(* Let $q=r^2$ with $r$ an odd prime power, $\theta$ a primitive element of $\mathbb{F}_q$, and $q-1=e_1f_1=e_2f_2$ with positive integers, where for some integer $l\geq 2$ we have $e_1\equiv 2^l\pmod{2^{l+1}}$ and $2^l\mid e_2$, and moreover $2e_2\mid e_1(r+1)$ and $e_1\mid e_2(r-1)$. Let $A=\langle\theta^{e_1}\rangle$, $B=\langle\theta^{e_2}\rangle$, $\beta=\theta^{e_2}$, $\gamma=\theta^{e_1/2}$, $D_1=\frac{e_1}{\gcd(e_1,e_2)}$, $D_2=\frac{e_2}{\gcd(e_1,e_2)}$. Let $1\leq s\leq D_1$, $1\leq t\leq D_2$, let $i_1,\dots,i_s$ be integers pairwise distinct modulo $D_1$ and $j_1,\dots,j_t$ integers pairwise distinct modulo $D_2$, and set $M=\bigcup_{\mu=1}^s\beta^{i_\mu}A$, $N=\bigcup_{\nu=1}^t\gamma^{2j_\nu+1}B$, $S=M\cup N$. Then $\eta(L_S(b))=(-1)^{\frac{te_1(r+1)}{2e_2}+\frac{t(r+1)}{2}}$ for every $b\in M$, and $\eta(L_S(b))=(-1)^{\frac{(t-1)(r+1)}{2}}$ for every $b\in N$.
   Context: $\eta$ denotes the quadratic character of $\mathbb{F}_q^*$ ($\eta(x)=1$ if $x$ is a nonzero square, $-1$ otherwise). For a finite set $S\subseteq\mathbb{F}_q$ and $b\in S$, $L_S(b)=\prod_{c\in S,\,c\neq b}(b-c)$. $\langle x\rangle$ denotes the cyclic subgroup of $\mathbb{F}_q^*$ generated by $x$. *)

theory Defs
  imports "HOL-Number_Theory.Number_Theory"
begin

definition eta :: "'a::{finite,field} \<Rightarrow> int" where
  "eta x = (if x = 0 then 0 else if (\<exists>y. y ^ 2 = x) then 1 else -1)"

definition L :: "'a::field set \<Rightarrow> 'a \<Rightarrow> 'a" where
  "L S b = (\<Prod>c\<in>S - {b}. b - c)"

definition cyc :: "'a::field \<Rightarrow> 'a set" where
  "cyc x = {x powi k | k. True}"

definition primitive_elem :: "'a::{finite,field} \<Rightarrow> bool" where
  "primitive_elem \<theta> \<longleftrightarrow> \<theta> \<noteq> 0 \<and> cyc \<theta> = UNIV - {0}"

end

theory Submission
  imports Defs "HOL-Computational_Algebra.Polynomial"
begin

text \<open>
  Put \<open>h = (q - 1)/2\<close> and \<open>k = (r + 1)/2\<close>, so that \<open>\<eta>(x) = x^h\<close> (Euler's criterion).
  \<open>S\<close> is a disjoint union of cosets \<open>aH\<close> of subgroups \<open>H\<close> of order \<open>f\<close>, and over such a coset
  \<open>\<Prod>(b - c) = b^f - a^f\<close>; if \<open>b \<in> aH\<close>, the product over \<open>c \<noteq> b\<close> is \<open>f b^(f-1)\<close>, the
  derivative of \<open>X^f - a^f\<close> at \<open>b\<close>. All elements of \<open>S\<close> are squares. On the cosets of \<open>A\<close>
  the \<open>f\<^sub>1\<close>-th powers lie in \<open>\<bbbF>\<^sub>r\<close>, whose nonzero elements are squares in \<open>\<bbbF>\<^sub>q\<close>, so these
  cosets contribute nothing. On the cosets of \<open>B\<close> the \<open>f\<^sub>2\<close>-th powers \<open>u, v\<close> have norm
  \<open>u^(r+1) = v^(r+1) = 1\<close>; for \<open>w = u/v\<close> Frobenius gives \<open>(w - 1)^r w = -(w - 1)\<close>, whence
  \<open>(u - v)^h u^k = (-1)^k v^k\<close>. Finally \<open>x^(f\<^sub>2 k)\<close> is \<open>1\<close> on \<open>M\<close> and \<open>(-1)^d\<close> on \<open>N\<close>,
  where \<open>d = e\<^sub>1(r + 1)/(2e\<^sub>2)\<close>.
\<close>

lemma prod_linear_factors_eq_binomial:
  fixes S :: "'a::field set"
  assumes fin: "finite S" and card: "card S = f" and f_pos: "f > 0"
    and roots: "\<And>c. c \<in> S \<Longrightarrow> c ^ f = z"
  shows "(\<Prod>c\<in>S. [:-c, 1:]) = monom 1 f - [:z:]"
proof (rule ccontr)
  define P where "P = (\<Prod>c\<in>S. [:-c, 1:])"
  define D where "D = monom 1 f - [:z:] - P"
  assume "P \<noteq> monom 1 f - [:z:]"
  hence D_nz: "D \<noteq> 0" unfolding D_def P_def by simp
  have deg_P: "degree P = f" unfolding P_def using card by (subst degree_prod_sum_eq) auto
  have lc_P: "coeff P f = 1" using lead_coeff_prod[of "\<lambda>c. [:-c, 1:]" S] deg_P unfolding P_def by simp
  have "coeff D i = 0" if "i \<ge> f" for i
    using that f_pos lc_P coeff_eq_0[of P i] deg_P
    unfolding D_def by (cases "i = f") (auto simp: coeff_pCons split: nat.split)
  hence "degree D \<le> f - 1" by (intro degree_le) auto
  hence deg_D: "degree D < f" using f_pos by linarith
  have "S \<subseteq> {x. poly D x = 0}"
  proof
    fix x assume "x \<in> S"
    hence "poly P x = 0" unfolding P_def poly_prod using fin by (auto intro: prod_zero)
    thus "x \<in> {x. poly D x = 0}" using roots \<open>x \<in> S\<close> unfolding D_def by (simp add: poly_monom)
  qed
  hence "card S \<le> card {x. poly D x = 0}"
    using poly_roots_finite[OF D_nz] by (intro card_mono) auto
  also have "\<dots> \<le> degree D" by (rule card_poly_roots_bound[OF D_nz])
  finally show False using deg_D card by simp
qed

lemma poly_pderiv_prod_linear_factors:
  fixes S :: "'a::idom set"
  assumes "finite S" "b \<in> S"
  shows "poly (pderiv (\<Prod>c\<in>S. [:-c, 1:])) b = (\<Prod>c\<in>S - {b}. b - c)"
proof -
  have "poly (pderiv (\<Prod>c\<in>S. [:-c, 1:])) b = (\<Sum>a\<in>S. \<Prod>c\<in>S - {a}. b - c)"
    by (simp add: pderiv_prod poly_sum poly_prod pderiv_pCons)
  also have "\<dots> = (\<Prod>c\<in>S - {b}. b - c) + (\<Sum>a\<in>S - {b}. \<Prod>c\<in>S - {a}. b - c)"
    using assms by (simp add: sum.remove)
  also have "(\<Sum>a\<in>S - {b}. \<Prod>c\<in>S - {a}. b - c) = 0"
    using assms by (intro sum.neutral ballI prod_zero) auto
  finally show ?thesis by simp
qed

lemma prod_diff_eq_binomial:
  fixes S :: "'a::field set"
  assumes "finite S" "card S = f" "f > 0" "\<And>c. c \<in> S \<Longrightarrow> c ^ f = z"
  shows "(\<Prod>c\<in>S. y - c) = y ^ f - z"
  using arg_cong[OF prod_linear_factors_eq_binomial[OF assms], of "\<lambda>p. poly p y"]
  by (simp add: poly_prod poly_monom)

lemma prod_diff_remove_eq_binomial_deriv:
  fixes S :: "'a::field set"
  assumes "finite S" "card S = f" "f > 0" "\<And>c. c \<in> S \<Longrightarrow> c ^ f = z" "b \<in> S"
  shows "(\<Prod>c\<in>S - {b}. b - c) = of_nat f * b ^ (f - 1)"
  using arg_cong[OF prod_linear_factors_eq_binomial[OF assms(1-4)], of "\<lambda>p. poly (pderiv p) b"]
  by (simp add: poly_pderiv_prod_linear_factors[OF assms(1,5)] pderiv_diff pderiv_monom poly_monom)

lemma div_gcd_dvd_of_dvd_mult:
  fixes a b :: nat and x :: int
  assumes "a > 0" "int a dvd int b * x"
  shows "int (a div gcd a b) dvd x"
proof -
  define g where "g = gcd a b"
  have "g > 0" unfolding g_def using assms(1) by simp
  have a: "a = g * (a div g)" and b: "b = g * (b div g)" unfolding g_def by simp_all
  have "int g * int (a div g) dvd int g * (int (b div g) * x)"
    using assms(2) a b by (metis of_nat_mult mult.assoc)
  hence "int (a div g) dvd int (b div g) * x" using \<open>g > 0\<close> by simp
  moreover have "coprime (a div g) (b div g)" unfolding g_def using assms(1) by (simp add: div_gcd_coprime)
  hence "coprime (int (a div g)) (int (b div g))" by simp
  ultimately show ?thesis unfolding g_def using coprime_dvd_mult_right_iff by blast
qed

- _Problem statement_:
Take each line above that holds the string "definition" and copy it.

- _Response_:
definition eta :: "'a::{finite,field} \<Rightarrow> int" where
definition L :: "'a::field set \<Rightarrow> 'a \<Rightarrow> 'a" where
definition cyc :: "'a::field \<Rightarrow> 'a set" where
definition primitive_elem :: "'a::{finite,field} \<Rightarrow> bool" where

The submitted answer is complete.